When DGX Spark experiences memory shortages leading to swap usage, it suffers from extreme response latency or even appears to ‘freeze.’ This memory shortage occurs despite the model being small enough to run on a single node, primarily due to high GPU memory utilization. If gpu_mem_util is set to 0.93, there may not be enough memory left for essential system operations, triggering swap usage.

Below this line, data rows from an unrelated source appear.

text \<open>
  Each \<open>p\<^sub>j(x)\<^sup>2\<close> is a product over the sticks of factors \<open>(1 - V\<^sub>l(x))\<^sup>2\<close> (\<open>l < j\<close>), \<open>V\<^sub>j(x)\<^sup>2\<close>
  and \<open>1\<close> (\<open>l > j\<close>). The sticks are i.i.d. processes, so \<open>E (p\<^sub>j(x\<^sub>1)\<^sup>2 p\<^sub>k(x\<^sub>2)\<^sup>2)\<close> is a product of
  one-stick moments \<open>m a b = E (\<phi>\<^sub>a(V(x\<^sub>1)) \<phi>\<^sub>b(V(x\<^sub>2)))\<close> with \<open>\<phi>\<^sub>a(t) \<in> {1, t\<^sup>2, (1 - t)\<^sup>2}\<close>, and the
  double series over \<open>j, k\<close> is geometric in \<open>m 2 2\<close>, \<open>m 2 0\<close>, \<open>m 0 2\<close> and sums in closed form.
  At a single point, \<open>\<Phi>\<^sub>\<sigma>(Z(x))\<close> is uniform (probability integral transform), so
  \<open>E (1 - V(x))\<^sup>k = E (U powr (k / M)) = M / (M + k)\<close>, which gives all one-point moments, hence
  the mean and the variance. The Gaussian hypothesis only fixes the laws of linear combinations
  \<open>a Z(x) + b Z(y)\<close>; a Cram\'er--Wold argument (approximation by trigonometric polynomials)
  turns this into equality of the mixed moments across sticks and into \<open>m 2 1 = m 1 2\<close>.
\<close>

section \<open>Trigonometric polynomials\<close>

definition cos_term :: "real \<Rightarrow> real \<times> real \<times> real \<Rightarrow> real" where
  "cos_term x t = (case t of (w, m, c) \<Rightarrow> w * cos (m * x + c))"
lemma card_improvers_lec_le:
  assumes M: "stable I M" and N: "stable I N" and l: "l \<in> lecturers I"
  shows "card {s \<in> studs_of_lec I N l. stu_prefers I s N M}
    \<le> card {s \<in> studs_of_lec I M l. stu_prefers I s N M}"
proof -
  have mM: "is_matching I M" and mN: "is_matching I N"
    using M N by (simp_all add: stable_is_matching)
  consider (proj_full) "\<forall>q\<in>offered I l. \<forall>t. (t, q) \<in> N \<longrightarrow> stu_prefers I t N M \<longrightarrow> \<not> proj_under I M q"
    | (lec_full) q t where "q \<in> offered I l" "(t, q) \<in> N" "stu_prefers I t N M" "proj_under I M q"
    by blast
  then show ?thesis
  proof cases
    case proj_full
    show ?thesis
    proof (rule card_studs_of_lec_filter_mono[OF mM mN])
      fix q
      assume q: "q \<in> offered I l"
      then have "q \<in> projects I"
        unfolding offered_def by blast
      then show "card {s \<in> studs_of_proj N q. stu_prefers I s N M}
          \<le> card {s \<in> studs_of_proj M q. stu_prefers I s N M}"
      proof (rule card_improvers_proj_le[OF M N])
        fix t
        assume "(t, q) \<in> N" "stu_prefers I t N M"
        then show "proj_full I M q \<and> (\<forall>u\<in>studs_of_proj M q. lec_pref I (offerer I q) u t)"
          using stable_improver_outranked[OF M mN] proj_full q by blast
      qed
    qed
  next
    case lec_full
    \<comment> \<open>Now l is full in M and ranks all of M(l) above t, so the roles of M and N can be
      swapped: l has at least as many M-improvers in N as in M, and |N(l)| <= |M(l)|.\<close>
    then have ql: "offerer I q = l"
      unfolding offered_def by blast
    have full: "lec_full I M l" and outranked: "\<forall>u\<in>studs_of_lec I M l. lec_pref I l u t"
      using stable_improver_outranked[OF M mN lec_full(2,3)] lec_full(4) ql
      unfolding proj_full_def proj_under_def by auto
    have t: "t \<in> studs_of_lec I N l"
      using lec_full(2) ql unfolding studs_of_lec_def by blast
    have "card {s \<in> studs_of_lec I M l. stu_prefers I s M N}
        \<le> card {s \<in> studs_of_lec I N l. stu_prefers I s M N}"
    proof (rule card_studs_of_lec_filter_mono[OF mN mM])
      fix p
      assume "p \<in> offered I l"
      then have p: "p \<in> projects I" "offerer I p = l"
        unfolding offered_def by auto
      show "card {s \<in> studs_of_proj M p. stu_prefers I s M N}
          \<le> card {s \<in> studs_of_proj N p. stu_prefers I s M N}"
      proof (rule card_improvers_proj_le[OF N M p(1)])
        fix s
        assume sp: "(s, p) \<in> M" "stu_prefers I s M N"
        then have "lec_pref I l s t"
          using outranked p(2) unfolding studs_of_lec_def by blast
        then have "\<not> (\<forall>u\<in>studs_of_lec I N l. lec_pref I l u s)"
          using t strict_total_on_asym[OF lec_pref_strict_total[OF l]] by blast
        then show "proj_full I N p \<and> (\<forall>u\<in>studs_of_proj N p. lec_pref I (offerer I p) u s)"
          using stable_improver_outranked[OF N mM sp] p(2) by blast
      qed
    qed
    moreover have "card (studs_of_lec I N l) \<le> card (studs_of_lec I M l)"
      using is_matching_lcap[OF mN l] full unfolding lec_full_def by simp
    ultimately show ?thesis
      using card_studs_of_lec_split[OF mM mN, of l] card_studs_of_lec_split[OF mN mM, of l]
      unfolding shared_studs_commute[of I N M l] by linarith
  qed
qed

lemma studs_of_proj_meet_subset:
  assumes M: "stable I M" and N: "stable I N" and p: "p \<in> projects I"
  shows "studs_of_proj (meet I M N) p \<subseteq> studs_of_proj M p \<or>
    studs_of_proj (meet I M N) p \<subseteq> studs_of_proj N p"
proof (rule ccontr)
  have mM: "is_matching I M" and mN: "is_matching I N"
    using M N by (simp_all add: stable_is_matching)
  assume "\<not> ?thesis"
  then obtain s s' where s: "(s, p) \<in> meet I M N" "(s, p) \<notin> N"
    and s': "(s', p) \<in> meet I M N" "(s', p) \<notin> M"
    unfolding studs_of_proj_def by blast
  obtain "(s, p) \<in> M" "stu_prefers I s M N"
    using meet_cases[OF mM mN s(1)] s(2) by metis
  moreover obtain "(s', p) \<in> N" "stu_prefers I s' N M"
    using meet_cases[OF mM mN s'(1)] s'(2) by metis
  ultimately have "lec_pref I (offerer I p) s s'" "lec_pref I (offerer I p) s' s"
    using stable_improver_outranked_proj[OF M mN] stable_improver_outranked_proj[OF N mM]
    unfolding studs_of_proj_def by blast+
  then show False
    using strict_total_on_asym[OF lec_pref_strict_total[OF offerer_in_lecturers[OF p]]] by blast
qed

lemma card_studs_of_proj_meet_le:
  assumes M: "stable I M" and N: "stable I N" and p: "p \<in> projects I"
  shows "card (studs_of_proj (meet I M N) p) \<le> pcap I p"
  using studs_of_proj_meet_subset[OF assms]
proof
  assume "studs_of_proj (meet I M N) p \<subseteq> studs_of_proj M p"
  then show ?thesis
    using card_mono[OF finite_studs_of_proj] is_matching_pcap[OF _ p] stable_is_matching[OF M]
    by (meson le_trans)
next
  assume "studs_of_proj (meet I M N) p \<subseteq> studs_of_proj N p"
  then show ?thesis
    using card_mono[OF finite_studs_of_proj] is_matching_pcap[OF _ p] stable_is_matching[OF N]
    by (meson le_trans)
qed

lemma card_studs_of_lec_meet_le:
  assumes M: "stable I M" and N: "stable I N" and l: "l \<in> lecturers I"
  shows "card (studs_of_lec I (meet I M N) l) \<le> lcap I l"
proof -
  have mM: "is_matching I M" and mN: "is_matching I N"
    using M N by (simp_all add: stable_is_matching)
  let ?C = "shared_studs I M N l"
  let ?A = "{s \<in> studs_of_lec I M l. stu_prefers I s M N}"
  let ?V = "{s \<in> studs_of_lec I N l. stu_prefers I s N M}"
  let ?W = "{s \<in> studs_of_lec I M l. stu_prefers I s N M}"
  have "studs_of_lec I (meet I M N) l \<subseteq> ?C \<union> ?A \<union> ?V"
  proof
    fix s
    assume "s \<in> studs_of_lec I (meet I M N) l"
    then obtain p where sp: "(s, p) \<in> meet I M N" "offerer I p = l"
      unfolding studs_of_lec_def by blast
    from meet_cases[OF mM mN sp(1)] show "s \<in> ?C \<union> ?A \<union> ?V"
      using sp(2) unfolding shared_studs_def studs_of_lec_def by cases blast+
  qed
  moreover have "?C \<union> ?A \<union> ?V \<subseteq> studs_of_lec I M l \<union> studs_of_lec I N l"
    unfolding shared_studs_def studs_of_lec_def by blast
  then have "finite (?C \<union> ?A \<union> ?V)"
    using finite_studs_of_lec[OF mM] finite_studs_of_lec[OF mN] by (meson finite_Un finite_subset)
  ultimately have "card (studs_of_lec I (meet I M N) l) \<le> card (?C \<union> ?A \<union> ?V)"
    by (rule card_mono[rotated])
  also have "\<dots> \<le> card ?C + card ?A + card ?V"
    using card_Un_le[of "?C \<union> ?A" ?V] card_Un_le[of ?C ?A] by linarith
  also have "\<dots> \<le> card ?C + card ?A + card ?W"
    using card_improvers_lec_le[OF M N l] by linarith
  also have "\<dots> = card (studs_of_lec I M l)"
    using card_studs_of_lec_split[OF mM mN] by simp
  also have "\<dots> \<le> lcap I l"
    using is_matching_lcap[OF mM l] .
  finally show ?thesis .
qed

end

theorem lemma7:
  fixes I :: "('s, 'p, 'l) spa" and M M' :: "('s \<times> 'p) set"
  assumes "spa_instance I" and "stable I M" and "stable I M'"
  shows "is_matching I (meet I M M')"
proof -
  have M: "is_matching I M" and M': "is_matching I M'"
    using assms(2,3) by (simp_all add: stable_is_matching)
  show ?thesis
    unfolding is_matching_def
  proof (intro conjI)
    show "\<forall>(s, p)\<in>meet I M M'. acceptable_pair I s p"
      using meet_acceptable[OF M M'] by blast
    show "\<forall>s p q. (s, p) \<in> meet I M M' \<longrightarrow> (s, q) \<in> meet I M M' \<longrightarrow> p = q"
      using meet_unique[OF assms(1) M M'] by blast
    show "\<forall>p\<in>projects I. card (studs_of_proj (meet I M M') p) \<le> pcap I p"
      using card_studs_of_proj_meet_le[OF assms] by blast
    show "\<forall>l\<in>lecturers I. card (studs_of_lec I (meet I M M') l) \<le> lcap I l"
      using card_studs_of_lec_meet_le[OF assms] by blast
  qed
qed

end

When using vLLM, it is generally not recommended to set this value above 0.9. Personally, I expect that Qwen3-Coder-Next-FP8 should perform well even with a gpu_mem_util setting between 0.85 and 0.88. However, if eight users access it simultaneously, the speed might become sluggish. In such cases, trying quantized models like NVFP4 or INT4 could be a good alternative.

running journalctl -k -b -1 -e i get :

Apr 13 12:33:55 spark kernel: NVRM: nvCheckOkFailedNoLog: Check failed: Out of memory [NV_ERR_NO_MEMORY] (0x00000051) returned from _memdescAllocInternal(pMemDesc) @ mem_desc.c:1359
Apr 13 12:34:40 spark kernel: NVRM: nvCheckOkFailedNoLog: Check failed: Out of memory [NV_ERR_NO_MEMORY] (0x00000051) returned from _memdescAllocInternal(pMemDesc) @ mem_desc.c:1359
Apr 13 12:35:07 spark kernel: NVRM: nvCheckOkFailedNoLog: Check failed: Out of memory [NV_ERR_NO_MEMORY] (0x00000051) returned from _memdescAllocInternal(pMemDesc) @ mem_desc.c:1359
Apr 13 12:35:37 spark kernel: NVRM: nvCheckOkFailedNoLog: Check failed: Out of memory [NV_ERR_NO_MEMORY] (0x00000051) returned from _memdescAllocInternal(pMemDesc) @ mem_desc.c:1359
Apr 13 12:35:38 spark kernel: NVRM: nvCheckOkFailedNoLog: Check failed: Out of memory [NV_ERR_NO_MEMORY] (0x00000051) returned from _memdescAllocInternal(pMemDesc) @ mem_desc.c:1359
Apr 13 12:36:20 spark kernel: NVRM: nvCheckOkFailedNoLog: Check failed: Out of memory [NV_ERR_NO_MEMORY] (0x00000051) returned from _memdescAllocInternal(pMemDesc) @ mem_desc.c:1359
Apr 13 12:37:02 spark kernel: NVRM: nvCheckOkFailedNoLog: Check failed: Out of memory [NV_ERR_NO_MEMORY] (0x00000051) returned from _memdescAllocInternal(pMemDesc) @ mem_desc.c:1359
Apr 13 12:37:57 spark kernel: NVRM: nvCheckOkFailedNoLog: Check failed: Out of memory [NV_ERR_NO_MEMORY] (0x00000051) returned from _memdescAllocInternal(pMemDesc) @ mem_desc.c:1359
Apr 13 12:38:06 spark systemd-journald[632]: Under memory pressure, flushing caches.
Apr 13 12:38:08 spark systemd-journald[632]: Under memory pressure, flushing caches.
Apr 13 12:38:25 spark systemd-journald[632]: Under memory pressure, flushing caches.
Apr 13 12:38:43 spark systemd-journald[632]: Under memory pressure, flushing caches.
Apr 13 12:38:44 spark systemd-journald[632]: Under memory pressure, flushing caches.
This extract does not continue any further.